Буквально через неделю Ахмет, радостный и непривычно-торжественный, по секрету сообщил мне, что посоветовался со своими родителями и те обещали, что непременно купят для молодой семьи хорошую корову, лишь бы ещё не знакомая им избранница сына дала согласие на этот брак. По-видимому, мои слова об уже состоявшейся помолвке с солдатом срочной службы не возымели никакого действия – вроде их и не было. Я, ошарашенная этим, даже не нашлась, что ответить, – сославшись на поздний час, сказала юноше, что не расположена сейчас обсуждать эту тему, т. к. завтра рано утром собираюсь на экскурсию в соседний курортный посёлок Долинск.
Это очаровательное местечко расположено всего в получасе езды от центра. Погода стояла великолепная: тёплое, как и положено ему быть в пору бабьего лета, солнышко не обжигало, а лишь ласкало кожу. Природа не спеша прощалась с летом: листья с тихим шелестом устилали парковые дорожки; заботливо ухоженные клумбы радовали взоры последними осенними цветами, а старые раскидистые дубы и клёны, как и другие представители кавказской флоры, радовали всё ещё яркими – от охры до багрянца – красками. Дышалось вольно и сладко: воздух, насыщенный ароматами хвои и близким дыханием гор Большого Кавказа, бодрил и, казалось, вливал новые силы в и так молодое и сильное моё тело.

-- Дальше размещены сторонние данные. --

lemma vertex_curvature_le:
  fixes x d :: "'a \<Rightarrow> real"
  assumes "finite I" "\<And>i. i \<in> I \<Longrightarrow> 0 \<le> x i" "0 \<le> r" "r = 1 - (\<Sum>i\<in>I. x i)"
    and x_pos: "\<And>i. i \<in> I \<Longrightarrow> d i \<noteq> 0 \<Longrightarrow> 0 < x i \<and> x i < 1"
    and "(\<Sum>i\<in>I. d i) \<noteq> 0 \<Longrightarrow> 0 < r"
  shows "(\<Sum>i\<in>I. (d i)\<^sup>2 / (1 - x i) - (d i)\<^sup>2 / x i) \<le> 2 * (\<Sum>i\<in>I. d i)\<^sup>2 / r"
proof (cases "\<exists>j\<in>I. d j \<noteq> 0 \<and> x j > 1/2")
  case False
  have "0 < x i \<and> x i \<le> 1/2" if "i \<in> I" "d i \<noteq> 0" for i
    using False x_pos[OF that] that by auto
  then have "(\<Sum>i\<in>I. (d i)\<^sup>2 / (1 - x i) - (d i)\<^sup>2 / x i) \<le> 0"
    by (rule curvature_sum_nonpos)
  also have "0 \<le> 2 * (\<Sum>i\<in>I. d i)\<^sup>2 / r" using assms by simp
  finally show ?thesis .
next
  case True
  then obtain j where "j \<in> I" "d j \<noteq> 0" "x j > 1/2" by blast
  with assms show ?thesis by (rule vertex_curvature_le_if_heavy_edge)
qed

lemma finite_graph_finite_edges:
  assumes "finite_graph V E" shows "finite E"
proof -
  have "E \<subseteq> Pow V" using assms unfolding finite_graph_def by auto
  then show ?thesis using assms unfolding finite_graph_def by (meson finite_Pow_iff finite_subset)
qed
lemma finite_incident:
  assumes "finite_graph V E" shows "finite (incident E v)"
  using finite_graph_finite_edges[OF assms] unfolding incident_def by simp

lemma sum_edges_eq_half_sum_incident:
  fixes h :: "'v set \<Rightarrow> real"
  assumes G: "finite_graph V E"
  shows "(\<Sum>e\<in>E. h e) = (\<Sum>v\<in>V. (\<Sum>e\<in>incident E v. h e) / 2)"
proof -
  have "(\<Sum>v\<in>V. (\<Sum>e\<in>incident E v. h e) / 2) = (\<Sum>v\<in>V. \<Sum>e\<in>{e. e \<in> E \<and> v \<in> e}. h e / 2)"
    unfolding incident_def by (simp add: sum_divide_distrib)
  also have "\<dots> = (\<Sum>e\<in>E. \<Sum>v\<in>{v. v \<in> V \<and> v \<in> e}. h e / 2)"
    using G finite_graph_finite_edges unfolding finite_graph_def by (intro sum.swap_restrict) auto
  also have "\<dots> = (\<Sum>e\<in>E. h e)"
  proof (rule sum.cong[OF refl])
    fix e assume "e \<in> E"
    then have "{v. v \<in> V \<and> v \<in> e} = e" "card e = 2" using G unfolding finite_graph_def by auto
    then show "(\<Sum>v\<in>{v. v \<in> V \<and> v \<in> e}. h e / 2) = h e" by simp
  qed
  finally show ?thesis by simp
qed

На фоне всей этой красоты таким естественным и гармоничным показалось мне ненавязчивое внимание юноши, который прогуливался неподалёку и время от времени бросал на меня восторженные взгляды.
Экскурсионные группы всё прибывали и каждый гид добавлял в копилку моих знаний множество интересных сведений по истории Северного Кавказа, о природе и достопримечательностях этого замечательного края.

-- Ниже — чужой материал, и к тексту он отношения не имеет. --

lemma mmul_adj_fN: "mmul B (adj (fN h)) i j = B i j * cnj (h j)"
  unfolding mmul_def adj_def fN_def by (subst infsum_single[where a=j]) auto

lemma mmul_raising:
  assumes "\<And>i l. U i l = (if i = Suc l then u l else 0)"
  shows "mmul U B i k = (if i = 0 then 0 else u (i - 1) * B (i - 1) k)"
  unfolding mmul_def assms by (subst infsum_single[where a="i - 1"]) auto

lemma mmul_adj_raising:
  assumes "\<And>i l. U i l = (if i = Suc l then u l else 0)"
  shows "mmul B (adj U) i j = (if j = 0 then 0 else B i (j - 1) * cnj (u (j - 1)))"
  unfolding mmul_def adj_def assms by (subst infsum_single[where a="j - 1"]) auto

lemma mmul_lowering:
  assumes "\<And>i l. W i l = (if l = Suc i then w i else 0)"
  shows "mmul W B i k = w i * B (Suc i) k"
  unfolding mmul_def assms by (subst infsum_single[where a="Suc i"]) auto

lemma mmul_adj_lowering:
  assumes "\<And>i l. W i l = (if l = Suc i then w i else 0)"
  shows "mmul B (adj W) i j = B i (Suc j) * cnj (w j)"
  unfolding mmul_def adj_def assms by (subst infsum_single[where a="Suc j"]) auto

definition supp :: "nat \<Rightarrow> fmat \<Rightarrow> bool" where
  "supp D \<rho> \<longleftrightarrow> (\<forall>i j. (D < i \<or> D < j) \<longrightarrow> \<rho> i j = 0)"

lemma mtrace_supp: "supp D \<rho> \<Longrightarrow> mtrace \<rho> = (\<Sum>n\<le>D. \<rho> n n)"
  unfolding mtrace_def supp_def by (rule infsum_atMost) auto

lemma Lyap_supp: "supp D \<rho> \<Longrightarrow> Lyap f \<rho> = (\<Sum>n\<le>D. f n * Re (\<rho> n n))"
proof -
  assume s: "supp D \<rho>"
  have "mtrace (mmul (fN (\<lambda>n. complex_of_real (f n))) \<rho>) = (\<Sum>n\<le>D. complex_of_real (f n) * \<rho> n n)"
    unfolding mtrace_def mmul_fN_left using s unfolding supp_def by (intro infsum_atMost) auto
  thus ?thesis unfolding Lyap_def by (simp add: Re_sum)
qed

text \<open>The consequences of being a density operator that the convergence proof uses: support,
  a real nonnegative diagonal, the 2x2 Cauchy-Schwarz inequality for entries, and unit trace.
  Unlike positivity, these are easily seen to be preserved by the Kraus map.\<close>
definition weak_density :: "nat \<Rightarrow> fmat \<Rightarrow> bool" where
  "weak_density D \<rho> \<longleftrightarrow> supp D \<rho> \<and> (\<forall>i. Im (\<rho> i i) = 0 \<and> 0 \<le> Re (\<rho> i i)) \<and>
     (\<forall>i j. (cmod (\<rho> i j))\<^sup>2 \<le> Re (\<rho> i i) * Re (\<rho> j j)) \<and> (\<Sum>n\<le>D. \<rho> n n) = 1"

lemma sum_atMost_two:
  fixes g :: "nat \<Rightarrow> 'a::comm_monoid_add"
  assumes "i \<le> D" "j \<le> D" "i \<noteq> j" "\<And>a. a \<noteq> i \<Longrightarrow> a \<noteq> j \<Longrightarrow> g a = 0"
  shows "(\<Sum>a\<le>D. g a) = g i + g j"
proof -
  have "(\<Sum>a\<le>D. g a) = (\<Sum>a\<in>{i,j}. g a)"
    by (rule sum.mono_neutral_right) (use assms in auto)
  thus ?thesis using assms(3) by simp
qed

lemma sum_atMost_one:
  fixes g :: "nat \<Rightarrow> 'a::comm_monoid_add"
  assumes "i \<le> D" "\<And>a. a \<noteq> i \<Longrightarrow> g a = 0"
  shows "(\<Sum>a\<le>D. g a) = g i"
proof -
  have "(\<Sum>a\<le>D. g a) = (\<Sum>a\<in>{i}. g a)"
    by (rule sum.mono_neutral_right) (use assms in auto)
  thus ?thesis by simp
qed

lemma quadratic_form_two_point:
  fixes \<rho> :: fmat and v :: "nat \<Rightarrow> complex"
  assumes "i \<le> D" "j \<le> D" "i \<noteq> j" "\<And>k. k \<noteq> i \<Longrightarrow> k \<noteq> j \<Longrightarrow> v k = 0"
  shows "(\<Sum>a\<le>D. \<Sum>b\<le>D. cnj (v a) * \<rho> a b * v b)
       = cnj (v i) * \<rho> i i * v i + cnj (v i) * \<rho> i j * v j
       + cnj (v j) * \<rho> j i * v i + cnj (v j) * \<rho> j j * v j"
proof -
  have inner: "(\<Sum>b\<le>D. cnj (v a) * \<rho> a b * v b) = cnj (v a) * \<rho> a i * v i + cnj (v a) * \<rho> a j * v j"
    for a by (rule sum_atMost_two) (use assms in auto)
  have "(\<Sum>a\<le>D. \<Sum>b\<le>D. cnj (v a) * \<rho> a b * v b)
      = (\<Sum>b\<le>D. cnj (v i) * \<rho> i b * v b) + (\<Sum>b\<le>D. cnj (v j) * \<rho> j b * v b)"
    by (rule sum_atMost_two) (use assms in auto)
  thus ?thesis unfolding inner by (simp add: add.assoc)
qed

Восторженный юноша, наконец, решился и подошёл ко мне. При ближайшем рассмотрении «юноша» оказался достаточно зрелым молодым человеком, одетым современно, но как-то не совсем опрятно, что ли: обувь не вычищена, ворот на пиджаке залоснился, сорочка – не выглажена, волосы взъерошены. Взгляд его практически, кроме моего лица, ни на чём не задерживался, руки не находили себе места и поневоле привлекли моё внимание. Как оказалось, они были практически испещрены наколками (это уже потом узнала, что каждый рисунок на коже имел своё условное, понятное лишь посвящённым, значение).
Этот человек вызвал во мне не только подозрение, но и самый настоящий животный страх. Пришлось мне все эти эмоции спрятать поглубже и постараться не выдать своё истинное состояние. Уж не помню, что я отвечала на его многочисленные вопросы, которые обычно задаются при знакомстве, но, не приученная к вранью, рассказала, кто я и откуда. Назвался незнакомец Русланом и я ещё горько усмехнулась про себя: мол, надо же – Руслан и Людмила – как в поэме, у Пушкина!
Улучив момент, когда молодой человек отошёл покурить, я постаралась незаметно скрыться от назойливого ухажёра, не без основания опасаясь преследования с его стороны. Бежала я так быстро, как только может бежать от преследующего её хищника молодая, здоровая лань. Передохнуть я смогла только на остановке автобуса. Преследователя не было видно, но я на всякий случай спряталась за бочкой с квасом. Завидев подходящий автобус, я метнулась к нему, как к долгожданному спасителю, и испуганным зверьком забилась на сиденье в конце автобуса.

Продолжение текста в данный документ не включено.